* [Data for the task]:
/---

lemma overlap_le_diagonal_norm_sum:
  fixes X Y :: "(nat \<times> nat \<times> nat) \<times> nat \<Rightarrow> complex"
  assumes overlap: "\<And>a b. (\<Sum>t<d. norm (Y (a, t)) * norm (X (b, t))) \<le> (if diag3 d a \<and> diag3 d b then \<kappa> else 0)"
    and "0 \<le> \<kappa>"
  shows "norm (\<Sum>i\<in>carAB d. cnj (Y i) * (\<Sum>b\<in>carA d. M (fst i) b * X (b, snd i)))
     \<le> \<kappa> * (\<Sum>j<d. \<Sum>j'<d. norm (M (j, j, j) (j', j', j')))"
proof -
  have "norm (\<Sum>i\<in>carAB d. cnj (Y i) * (\<Sum>b\<in>carA d. M (fst i) b * X (b, snd i)))
      \<le> (\<Sum>i\<in>carAB d. norm (Y i) * (\<Sum>b\<in>carA d. norm (M (fst i) b) * norm (X (b, snd i))))"
    by (rule order_trans[OF norm_sum], rule sum_mono)
      (simp add: norm_mult mult_left_mono norm_sum[THEN order_trans] sum_mono)
  also have "\<dots> = (\<Sum>a\<in>carA d. \<Sum>b\<in>carA d. norm (M a b) * (\<Sum>t<d. norm (Y (a, t)) * norm (X (b, t))))"
    by (simp add: carAB_def sum.cartesian_product' sum_distrib_left sum_distrib_right mult_ac
        sum.swap[where A = "{..<d}"])
  also have "\<dots> \<le> (\<Sum>a\<in>carA d. \<Sum>b\<in>carA d. norm (M a b) * (if diag3 d a \<and> diag3 d b then \<kappa> else 0))"
    by (intro sum_mono mult_left_mono overlap) simp
  also have "\<dots> = (\<Sum>a\<in>carA d. if diag3 d a then (\<Sum>b\<in>carA d. if diag3 d b then \<kappa> * norm (M a b) else 0) else 0)"
    by (rule sum.cong[OF refl]) (auto intro: sum.cong)
  also have "\<dots> = \<kappa> * (\<Sum>j<d. \<Sum>j'<d. norm (M (j, j, j) (j', j', j')))"
    by (simp add: sum_diag3 sum_distrib_left)
  finally show ?thesis .
qed

definition embed3 :: "nat \<Rightarrow> nat \<Rightarrow> nat \<Rightarrow> nat \<times> nat \<times> nat" where
  "embed3 s x y = (if s = 0 then (x, y, y) else if s = 1 then (y, x, y) else (y, y, x))"

lemma split3_embed3: "split3 s (embed3 s x y) = (x, y, y)"
  by (simp add: split3_def embed3_def)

\---

* [Task brief]:
Please output each entry above exactly, leaving nothing out.

* [The answer]:
lemma overlap_le_diagonal_norm_sum:
  fixes X Y :: "(nat \<times> nat \<times> nat) \<times> nat \<Rightarrow> complex"
  assumes overlap: "\<And>a b. (\<Sum>t<d. norm (Y (a, t)) * norm (X (b, t))) \<le> (if diag3 d a \<and> diag3 d b then \<kappa> else 0)"
    and "0 \<le> \<kappa>"
  shows "norm (\<Sum>i\<in>carAB d. cnj (Y i) * (\<Sum>b\<in>carA d. M (fst i) b * X (b, snd i)))
     \<le> \<kappa> * (\<Sum>j<d. \<Sum>j'<d. norm (M (j, j, j) (j', j', j')))"
proof -
  have "norm (\<Sum>i\<in>carAB d. cnj (Y i) * (\<Sum>b\<in>carA d. M (fst i) b * X (b, snd i)))
      \<le> (\<Sum>i\<in>carAB d. norm (Y i) * (\<Sum>b\<in>carA d. norm (M (fst i) b) * norm (X (b, snd i))))"
    by (rule order_trans[OF norm_sum], rule sum_mono)
      (simp add: norm_mult mult_left_mono norm_sum[THEN order_trans] sum_mono)
  also have "\<dots> = (\<Sum>a\<in>carA d. \<Sum>b\<in>carA d. norm (M a b) * (\<Sum>t<d. norm (Y (a, t)) * norm (X (b, t))))"
    by (simp add: carAB_def sum.cartesian_product' sum_distrib_left sum_distrib_right mult_ac
        sum.swap[where A = "{..<d}"])
  also have "\<dots> \<le> (\<Sum>a\<in>carA d. \<Sum>b\<in>carA d. norm (M a b) * (if diag3 d a \<and> diag3 d b then \<kappa> else 0))"
    by (intro sum_mono mult_left_mono overlap) simp
  also have "\<dots> = (\<Sum>a\<in>carA d. if diag3 d a then (\<Sum>b\<in>carA d. if diag3 d b then \<kappa> * norm (M a b) else 0) else 0)"
    by (rule sum.cong[OF refl]) (auto intro: sum.cong)
  also have "\<dots> = \<kappa> * (\<Sum>j<d. \<Sum>j'<d. norm (M (j, j, j) (j', j', j')))"
    by (simp add: sum_diag3 sum_distrib_left)
  finally show ?thesis .
qed

definition embed3 :: "nat \<Rightarrow> nat \<Rightarrow> nat \<Rightarrow> nat \<times> nat \<times> nat" where
  "embed3 s x y = (if s = 0 then (x, y, y) else if s = 1 then (y, x, y) else (y, y, x))"

lemma split3_embed3: "split3 s (embed3 s x y) = (x, y, y)"
  by (simp add: split3_def embed3_def)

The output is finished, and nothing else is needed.